What you are asked to do: Exactly how many lines below mention "dots"? Answer with that number alone.
>>>
lemma nu_attained: "finite E \<Longrightarrow> \<exists>M. matching E M \<and> card M = nu E"
proof -
  assume "finite E"
  have "matching E {}" by (simp add: matching_def)
  then have "nu E \<in> card ` {M. matching E M}"
    unfolding nu_def using finite_matchings[OF \<open>finite E\<close>] by (intro Max_in) auto
  then show ?thesis by auto
qed

lemma matching_unique_edge:
  "matching E M \<Longrightarrow> g \<in> M \<Longrightarrow> h \<in> M \<Longrightarrow> x \<in> g \<Longrightarrow> x \<in> h \<Longrightarrow> g = h"
  unfolding matching_def by blast

lemma matching_insert:
  "matching E M \<Longrightarrow> e \<in> E \<Longrightarrow> \<forall>g\<in>M. g \<inter> e = {} \<Longrightarrow> matching E (insert e M)"
  unfolding matching_def by blast

lemma matching_Diff: "matching E M \<Longrightarrow> matching E (M - N)"
  unfolding matching_def by blast

lemma free_edge_card_lt_nu:
  assumes "finite E" "matching E N" "e \<in> E - N" "\<forall>g\<in>N. g \<inter> e = {}"
  shows "card N < nu E"
proof -
  have "matching E (insert e N)"
    using assms(2-4) by (intro matching_insert) auto
  then have "card (insert e N) \<le> nu E" by (rule card_le_nu[OF assms(1)])
  moreover have "finite N" using assms(1,2) by (rule matching_finite)
  ultimately show ?thesis using assms(3) by simp
qed
lemma d1_equidistant:
  assumes "2 \<le> n"
    and eq: "\<And>r s. r \<in> {1..n} \<Longrightarrow> s \<in> {1..n} \<Longrightarrow> r \<noteq> s \<Longrightarrow> (\<Sum>c=1..k. \<bar>Y r c - Y s c\<bar>) = V"
  shows "d1 n k Y = V"
proof -
  have "{(\<Sum>c=1..k. \<bar>Y r c - Y s c\<bar>) | r s. 1 \<le> r \<and> r < s \<and> s \<le> n} = {V}"
  proof (intro equalityI subsetI)
    show "x \<in> {V}" if "x \<in> {(\<Sum>c=1..k. \<bar>Y r c - Y s c\<bar>) | r s. 1 \<le> r \<and> r < s \<and> s \<le> n}" for x
      using that eq by fastforce
    show "x \<in> {(\<Sum>c=1..k. \<bar>Y r c - Y s c\<bar>) | r s. 1 \<le> r \<and> r < s \<and> s \<le> n}" if "x \<in> {V}" for x
      using that eq[of 1 2] \<open>2 \<le> n\<close> by (intro CollectI exI[of _ 1] exI[of _ 2]) auto
  qed
  then show ?thesis unfolding d1_def by simp
qed

lemma LHD_d1_le_equidistant:
  assumes X: "is_LHD n k X" and Y: "is_LHD n k Y" and "2 \<le> n"
    and eq: "\<And>r s. r \<in> {1..n} \<Longrightarrow> s \<in> {1..n} \<Longrightarrow> r \<noteq> s \<Longrightarrow> (\<Sum>c=1..k. \<bar>Y r c - Y s c\<bar>) = V"
  shows "d1 n k X \<le> V"
proof -
  have "int n * (int n - 1) * d1 n k X
      = (\<Sum>r\<in>{1..n}. \<Sum>s\<in>{1..n}. if r = s then 0 else d1 n k X)"
    by (rule sum_offdiag_const[symmetric])
  also have "\<dots> \<le> (\<Sum>r\<in>{1..n}. \<Sum>s\<in>{1..n}. \<Sum>c=1..k. \<bar>X r c - X s c\<bar>)"
    using d1_le_row_distance by (intro sum_mono) auto
  also have "\<dots> = (\<Sum>r\<in>{1..n}. \<Sum>s\<in>{1..n}. \<Sum>c=1..k. \<bar>Y r c - Y s c\<bar>)"
    by (simp only: LHD_sum_row_distances[OF X] LHD_sum_row_distances[OF Y])
  also have "\<dots> = (\<Sum>r\<in>{1..n}. \<Sum>s\<in>{1..n}. if r = s then 0 else V)"
    using eq by (intro sum.cong refl) auto
  also have "\<dots> = int n * (int n - 1) * V" by (rule sum_offdiag_const)
  finally show ?thesis using \<open>2 \<le> n\<close> by (simp add: mult_le_cancel_left_pos)
qed

theorem corollary1:
  fixes p m q :: nat
  assumes "prime p" and "odd p" and "m = p - 1" and "q = 2 * m + 1" and "prime q"
  shows "is_LHD m m (Emat q)
         \<and> d1 m m (Emat q) = int (((m + 1) * m) div 3)
         \<and> (\<forall>X. is_LHD m m X \<longrightarrow> d1 m m X \<le> d1 m m (Emat q))"
proof -
  interpret prime_odd_modulus "int q" m
    using assms(4,5) by unfold_locales simp_all
  have "2 \<le> m"
    using prime_ge_2_nat[OF assms(1)] assms(2,3) by (cases "p = 2") auto
  have lhd: "is_LHD m m (Emat q)"
    unfolding is_LHD_def assms(4) using Emat_column_bij by blast
  have d1E: "d1 m m (Emat q) = int (((m + 1) * m) div 3)"
    unfolding assms(4) using d1_equidistant[OF \<open>2 \<le> m\<close> Emat_row_distance] .
  have "d1 m m X \<le> d1 m m (Emat q)" if "is_LHD m m X" for X
    unfolding d1E using LHD_d1_le_equidistant[OF that lhd \<open>2 \<le> m\<close>] Emat_row_distance
    unfolding assms(4) by blast
  with lhd d1E show ?thesis by blast
qed

end
definition continuous_path :: "(real \<Rightarrow> fam) \<Rightarrow> bool" where
  "continuous_path x \<longleftrightarrow> (\<forall>t\<ge>0. summable_fam M (x t)) \<and>
     (\<forall>t\<ge>0. ((\<lambda>s. fam_norm M (fam_diff (x s) (x t))) \<longlongrightarrow> 0) (at t within {0..}))"

lemma continuous_path_summable: "continuous_path x \<Longrightarrow> 0 \<le> t \<Longrightarrow> summable_fam M (x t)"
  by (simp add: continuous_path_def)

lemma continuous_path_const: "summable_fam M u \<Longrightarrow> continuous_path (\<lambda>t. u)"
  by (simp add: continuous_path_def fam_norm_def)

lemma continuous_path_if_locally_lipschitz:
  assumes summable: "\<And>t. 0 \<le> t \<Longrightarrow> summable_fam M (x t)"
    and lipschitz: "\<And>T. \<exists>K. \<forall>s\<in>{0..T}. \<forall>t\<in>{0..T}. fam_norm M (fam_diff (x s) (x t)) \<le> K * \<bar>s - t\<bar>"
  shows "continuous_path x"
  unfolding continuous_path_def
proof (intro conjI allI impI summable)
  fix t :: real assume t: "0 \<le> t"
  obtain K where K: "\<forall>s\<in>{0..t + 1}. fam_norm M (fam_diff (x s) (x t)) \<le> K * \<bar>s - t\<bar>"
    using lipschitz[of "t + 1"] t by fastforce
  have "eventually (\<lambda>s. norm (fam_norm M (fam_diff (x s) (x t))) \<le> K * \<bar>s - t\<bar>) (at t within {0..})"
    using eventually_le_succ_at_within_nonneg
  proof eventually_elim
    case (elim s)
    then show ?case using K t fam_norm_nonneg[OF summable_fam_diff[OF summable summable]] by auto
  qed
  moreover have "((\<lambda>s. K * \<bar>s - t\<bar>) \<longlongrightarrow> 0) (at t within {0..})"
    by (auto intro!: tendsto_eq_intros)
  ultimately show "((\<lambda>s. fam_norm M (fam_diff (x s) (x t))) \<longlongrightarrow> 0) (at t within {0..})"
    by (rule Lim_null_comparison)
qed

lemma continuous_path_uniform_limit:
  assumes X: "\<And>n. continuous_path (X n)" and Y: "\<And>t. 0 \<le> t \<Longrightarrow> summable_fam M (Y t)"
    and unif: "\<And>T. \<exists>e. e \<longlonglongrightarrow> 0 \<and> (\<forall>n. \<forall>t\<in>{0..T}. fam_norm M (fam_diff (Y t) (X n t)) \<le> e n)"
  shows "continuous_path Y"
  unfolding continuous_path_def
proof (intro conjI allI impI Y)
  fix t :: real assume t: "0 \<le> t"
  obtain e where e: "e \<longlonglongrightarrow> 0" "\<forall>n. \<forall>s\<in>{0..t + 1}. fam_norm M (fam_diff (Y s) (X n s)) \<le> e n"
    using unif by blast
  show "((\<lambda>s. fam_norm M (fam_diff (Y s) (Y t))) \<longlongrightarrow> 0) (at t within {0..})"
    unfolding tendsto_iff
  proof (intro allI impI)
    fix \<epsilon> :: real assume "0 < \<epsilon>"
    then obtain n where n: "e n < \<epsilon> / 3"
      using order_tendstoD(2)[OF e(1), of "\<epsilon> / 3"] by (auto simp: eventually_sequentially)
    have "eventually (\<lambda>s. fam_norm M (fam_diff (X n s) (X n t)) < \<epsilon> / 3) (at t within {0..})"
      using X[of n] t \<open>0 < \<epsilon>\<close> by (intro order_tendstoD(2)) (auto simp: continuous_path_def)
    moreover note eventually_le_succ_at_within_nonneg
    ultimately show "eventually (\<lambda>s. dist (fam_norm M (fam_diff (Y s) (Y t))) 0 < \<epsilon>) (at t within {0..})"
    proof eventually_elim
      case (elim s)
      have s: "0 \<le> s" "s \<in> {0..t + 1}" and t1: "t \<in> {0..t + 1}" using elim(2) t by auto
      have Xs: "summable_fam M (X n s)" and Xt: "summable_fam M (X n t)"
        using X continuous_path_summable s t by blast+
      have "fam_norm M (fam_diff (Y s) (Y t))
          \<le> fam_norm M (fam_diff (Y s) (X n s)) + fam_norm M (fam_diff (X n s) (Y t))"
        by (rule fam_norm_triangle[OF Y[OF s(1)] Xs Y[OF t]])
      also have "fam_norm M (fam_diff (X n s) (Y t))
          \<le> fam_norm M (fam_diff (X n s) (X n t)) + fam_norm M (fam_diff (X n t) (Y t))"
        by (rule fam_norm_triangle[OF Xs Xt Y[OF t]])
      moreover have "fam_norm M (fam_diff (Y s) (X n s)) \<le> e n" using e(2) s by blast
      moreover have "fam_norm M (fam_diff (X n t) (Y t)) \<le> e n"
        using e(2) t1 fam_norm_diff_commute[of M "X n t" "Y t"] by simp
      ultimately have "fam_norm M (fam_diff (Y s) (Y t)) < \<epsilon>"
        using elim(1) n by linarith
      then show ?case
        using fam_norm_nonneg[OF summable_fam_diff[OF Y[OF s(1)] Y[OF t]]] by simp
    qed
  qed
qed
definition free :: "'b ugraph \<Rightarrow> 'a ugraph \<Rightarrow> bool" where
  "free S G \<longleftrightarrow> \<not> induced_subgraph S G"

definition path_graph :: "nat \<Rightarrow> nat ugraph" where
  "path_graph n = ({0..<n}, {{i, i + 1} | i. i + 1 < n})"

definition edge_cut :: "'a ugraph \<Rightarrow> 'a set set \<Rightarrow> bool" where
  "edge_cut G F \<longleftrightarrow> F \<subseteq> snd G \<and> \<not> connected (fst G, snd G - F)"

definition edge_connectivity :: "'a ugraph \<Rightarrow> nat" where
  "edge_connectivity G = (LEAST k. \<exists>F. edge_cut G F \<and> card F = k)"

definition min_edge_cut :: "'a ugraph \<Rightarrow> 'a set set \<Rightarrow> bool" where
  "min_edge_cut G F \<longleftrightarrow> edge_cut G F \<and> card F = edge_connectivity G"

definition super_edge_connected :: "'a ugraph \<Rightarrow> bool" where
  "super_edge_connected G \<longleftrightarrow> connected G \<and>
     (\<forall>F. min_edge_cut G F \<longrightarrow> (\<exists>v\<in>fst G. F = {e\<in>snd G. v \<in> e}))"

end

theory Submission
  imports Defs
begin

text \<open>
  If S is an induced subgraph of P3, an S-free graph is P3-free, and a connected P3-free graph
  is complete. In a complete graph on n vertices an edge cut separating a side A from V - A
  contains all |A| * |V - A| \<ge> n - 1 edges between them, with equality only when one side is a
  single vertex; so the minimum edge cuts are exactly the vertex stars.

  Conversely, P4 (cut the middle edge) and C4 (cut two opposite edges) are connected but not
  super-edge-connected, so S must be an induced subgraph of both. Hence S is triangle-free and
  has at most three vertices (P4 and C4 both have four vertices but different numbers of
  edges), and a connected triangle-free graph on at most three vertices is an induced subgraph
  of P3.
\<close>

lemma adj_commute: "adj G u v \<longleftrightarrow> adj G v u"
  by (simp add: adj_def insert_commute)

lemma adj_in_vertices:
  assumes "graph G" "adj G u v"
  shows "u \<in> fst G" "v \<in> fst G" "u \<noteq> v"
  using assms unfolding graph_def adj_def by fastforce+

lemma adj_irrefl: "graph G \<Longrightarrow> \<not> adj G u u"
  by (metis adj_in_vertices(3))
<<<
Completed task: 4